▶ _Collected data_
lemma card_le_card_image_add_collisions:
  fixes f :: "'a::linorder \<Rightarrow> 'b"
  assumes "finite X"
  shows "card X \<le> card (f ` X) + card {(x, y) \<in> X \<times> X. x < y \<and> f x = f y}"
proof -
  define Pairs where "Pairs = {(x, y) \<in> X \<times> X. x < y \<and> f x = f y}"
  define Repeated where "Repeated = snd ` Pairs"
  have "Pairs \<subseteq> X \<times> X" unfolding Pairs_def by auto
  then have "finite Pairs" using assms finite_subset by blast
  have "inj_on f (X - Repeated)"
  proof (rule inj_onI)
    fix a b assume a: "a \<in> X - Repeated" and b: "b \<in> X - Repeated" and "f a = f b"
    show "a = b"
    proof (rule ccontr)
      assume "a \<noteq> b"
      then have "(a, b) \<in> Pairs \<or> (b, a) \<in> Pairs"
        using a b \<open>f a = f b\<close> by (auto simp: Pairs_def neq_iff)
      then have "b \<in> Repeated \<or> a \<in> Repeated" unfolding Repeated_def by force
      with a b show False by blast
    qed
  qed
  then have "card (X - Repeated) \<le> card (f ` X)"
    using assms by (simp add: card_image [symmetric] card_mono image_mono)
  moreover have "card Repeated \<le> card Pairs"
    unfolding Repeated_def using \<open>finite Pairs\<close> by (rule card_image_le)
  moreover have "card X \<le> card (X - Repeated) + card Repeated"
  proof -
    have "card X \<le> card ((X - Repeated) \<union> Repeated)"
      using assms \<open>finite Pairs\<close> unfolding Repeated_def by (intro card_mono) auto
    also have "\<dots> \<le> card (X - Repeated) + card Repeated" by (rule card_Un_le)
    finally show ?thesis .
  qed
  ultimately show ?thesis unfolding Pairs_def by linarith
qed

lemma card_le_num_residues_add_pairs:
  fixes X :: "nat set"
  assumes "finite X"
  shows "card X \<le> num_residues X p + card {(x, y) \<in> X \<times> X. x < y \<and> p dvd y - x}"
proof -
  have "x mod p = y mod p \<longleftrightarrow> p dvd y - x" if "x < y" for x y :: nat
    using that mod_eq_dvd_iff_nat[of x y p] by (metis less_imp_le_nat)
  then have "{(x, y) \<in> X \<times> X. x < y \<and> x mod p = y mod p} = {(x, y) \<in> X \<times> X. x < y \<and> p dvd y - x}"
    by auto
  then show ?thesis
    using card_le_card_image_add_collisions[OF assms, of "\<lambda>x. x mod p"]
    unfolding num_residues_def by simp
qed

lemma num_residues_le_card:
  assumes "finite X"
  shows "num_residues X p \<le> card X"
  unfolding num_residues_def using assms by (rule card_image_le)

lemma sum_residue_deficits_le:
  fixes X P :: "nat set" and M :: nat
  assumes "finite P" "\<And>p. p \<in> P \<Longrightarrow> prime p" "X \<subseteq> {1..10^M}" "M \<ge> 2"
  shows "(\<Sum>p\<in>P. real (card X) - real (num_residues X p))
           \<le> real (card X) ^ 2 * (11 * real M / ln (real M))"
proof -
  define Pairs where "Pairs = {(x, y) \<in> X \<times> X. x < y}"
  define K where "K = 11 * real M / ln (real M)"
  have "finite X" using assms(3) finite_subset by blast
  moreover have "Pairs \<subseteq> X \<times> X" unfolding Pairs_def by auto
  ultimately have fin: "finite Pairs" using finite_subset by blast
  let ?divides = "\<lambda>p (x, y). if p dvd y - x then 1 else (0::real)"
  have deficit: "real (card X) - real (num_residues X p) \<le> (\<Sum>q\<in>Pairs. ?divides p q)" for p
  proof -
    have "{(x, y) \<in> X \<times> X. x < y \<and> p dvd y - x} = {q \<in> Pairs. p dvd snd q - fst q}"
      unfolding Pairs_def by auto
    then have "real (card X) - real (num_residues X p) \<le> real (card {q \<in> Pairs. p dvd snd q - fst q})"
      using card_le_num_residues_add_pairs[OF \<open>finite X\<close>, of p] by simp
    also have "\<dots> = (\<Sum>q\<in>Pairs. ?divides p q)"
      using fin by (simp add: sum.If_cases case_prod_beta Int_def)
    finally show ?thesis .
  qed
  have few_divisors: "(\<Sum>p\<in>P. ?divides p q) \<le> K" if "q \<in> Pairs" for q
  proof -
    obtain x y where q: "q = (x, y)" by (cases q)
    then have "x \<in> X" "y \<in> X" "x < y" using that unfolding Pairs_def by auto
    then have d: "0 < y - x" "y - x \<le> 10 ^ M" using assms(3) by auto
    have "{p \<in> P. p dvd y - x} \<subseteq> prime_factors (y - x)"
      using assms(2) d by (auto simp: prime_factors_dvd)
    then have "card {p \<in> P. p dvd y - x} \<le> card (prime_factors (y - x))"
      by (intro card_mono) auto
    then show ?thesis
      using card_prime_factors_le[OF d assms(4)] assms(1)
      by (simp add: q K_def sum.If_cases Int_def)
  qed
  have "(\<Sum>p\<in>P. real (card X) - real (num_residues X p)) \<le> (\<Sum>p\<in>P. \<Sum>q\<in>Pairs. ?divides p q)"
    by (intro sum_mono deficit)
  also have "\<dots> = (\<Sum>q\<in>Pairs. \<Sum>p\<in>P. ?divides p q)"
    by (rule sum.swap)
  also have "\<dots> \<le> real (card Pairs) * K"
    using sum_mono[OF few_divisors] by simp
  also have "\<dots> \<le> real (card X) ^ 2 * K"
  proof -
    have "card Pairs \<le> card (X \<times> X)"
      unfolding Pairs_def using \<open>finite X\<close> by (intro card_mono) auto
    then show ?thesis
      using assms(4) by (intro mult_right_mono) (simp_all add: K_def power2_eq_square card_cartesian_product flip: of_nat_mult)
  qed
  finally show ?thesis unfolding K_def .
qed

lemma card_exceeding_mult_le_sum:
  fixes f :: "'a \<Rightarrow> real"
  assumes "finite A" "\<And>a. a \<in> A \<Longrightarrow> f a \<ge> 0"
  shows "real (card {a \<in> A. T < f a}) * T \<le> sum f A"
proof -
  have "real (card {a \<in> A. T < f a}) * T = (\<Sum>a\<in>{a \<in> A. T < f a}. T)" by simp
  also have "\<dots> \<le> (\<Sum>a\<in>{a \<in> A. T < f a}. f a)" by (intro sum_mono) auto
  also have "\<dots> \<le> sum f A" using assms by (intro sum_mono2) auto
  finally show ?thesis .
qed

lemma card_large_residue_deficit_le:
  fixes X :: "nat set" and N M :: nat and D :: real
  assumes X: "X \<subseteq> {1..10^M}" and M: "M \<ge> 2" and D: "D > 0"
  defines "T \<equiv> 4 * real (card X) /
                 (1 + real (prime_pi N) * ln (real M) / (real M * real (card X) * D))"
  shows "real (card {p. prime p \<and> p \<le> N \<and> T < real (card X) - real (num_residues X p)})
           \<le> 4 * real (prime_pi N) / D"
proof -
  define P where "P = {p::nat. prime p \<and> p \<le> N}"
  define x where "x = real (card X)"
  define \<pi> where "\<pi> = real (prime_pi N)"
  define u where "u = x * real M / ln (real M)"
  define A where "A = \<pi> / (u * D)"
  define deficit where "deficit = (\<lambda>p. x - real (num_residues X p))"
  define Bad where "Bad = {p \<in> P. T < deficit p}"
  have "finite X" using X finite_subset by blast
  have "finite P" unfolding P_def by simp
  have lnM: "ln (real M) > 0" using M by simp
  have "\<pi> \<ge> 0" "x \<ge> 0" unfolding \<pi>_def x_def by simp_all
  then have "u \<ge> 0" "A \<ge> 0" unfolding u_def A_def using lnM D by simp_all
  have T: "T = 4 * x / (1 + A)"
    unfolding T_def A_def u_def x_def \<pi>_def using lnM by (simp add: field_simps)
  have deficit: "0 \<le> deficit p" "deficit p \<le> x" for p
    unfolding deficit_def x_def using num_residues_le_card[OF \<open>finite X\<close>, of p] by simp_all
  have "real (card Bad) \<le> 4 * \<pi> / D"
  proof (cases "A \<le> 3")
    case True
    then have "A * x \<le> 3 * x" using \<open>x \<ge> 0\<close> by (rule mult_right_mono)
    then have "x \<le> T" unfolding T using \<open>x \<ge> 0\<close> \<open>A \<ge> 0\<close> by (simp add: field_simps)
    then have "deficit p \<le> T" for p using deficit(2)[of p] by linarith
    then have "Bad = {}" unfolding Bad_def using leD by blast
    then show ?thesis using \<open>\<pi> \<ge> 0\<close> D by simp
  next
    case False
    then have "u \<noteq> 0" unfolding A_def by auto
    then have "u > 0" using \<open>u \<ge> 0\<close> by simp
    then have "x > 0"
      unfolding u_def using lnM \<open>x \<ge> 0\<close> by (simp add: zero_less_divide_iff zero_less_mult_iff)
    have "real (card Bad) * T \<le> sum deficit P"
      unfolding Bad_def using \<open>finite P\<close> deficit(1) by (rule card_exceeding_mult_le_sum)
    also have "\<dots> \<le> x ^ 2 * (11 * real M / ln (real M))"
      unfolding deficit_def x_def P_def using X M by (intro sum_residue_deficits_le) auto
    also have "\<dots> = x * (11 * u)" unfolding u_def by (simp add: power2_eq_square)
    finally have "x * (real (card Bad) * 4) \<le> x * (11 * u * (1 + A))"
      unfolding T using \<open>A \<ge> 0\<close> by (simp add: field_simps)
    then have "real (card Bad) * 4 \<le> 11 * u * (1 + A)" using \<open>x > 0\<close> by simp
    also have "\<dots> = 11 * u + 11 * \<pi> / D"
      using \<open>u > 0\<close> D unfolding A_def by (simp add: field_simps)
    finally have "real (card Bad) * 4 \<le> 11 * u + 11 * \<pi> / D" .
    moreover have "3 * u < \<pi> / D"
      using False \<open>u > 0\<close> D unfolding A_def by (simp add: field_simps)
    moreover have "\<pi> / D \<ge> 0" using \<open>\<pi> \<ge> 0\<close> D by simp
    ultimately show ?thesis by (simp add: field_simps)
  qed
  moreover have "{p. prime p \<and> p \<le> N \<and> T < real (card X) - real (num_residues X p)} = Bad"
    unfolding Bad_def P_def deficit_def x_def by auto
  ultimately show ?thesis unfolding \<pi>_def by simp
qed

▶ _Directions for this task_
After locating the line with "b) \<in> Pairs" above, return that line and every later line through the one with "using assms by (simp", word for word and with nothing else.

▶ _Answer for the task_
      then have "(a, b) \<in> Pairs \<or> (b, a) \<in> Pairs"
        using a b \<open>f a = f b\<close> by (auto simp: Pairs_def neq_iff)
      then have "b \<in> Repeated \<or> a \<in> Repeated" unfolding Repeated_def by force
      with a b show False by blast
    qed
  qed
  then have "card (X - Repeated) \<le> card (f ` X)"
    using assms by (simp add: card_image [symmetric] card_mono image_mono)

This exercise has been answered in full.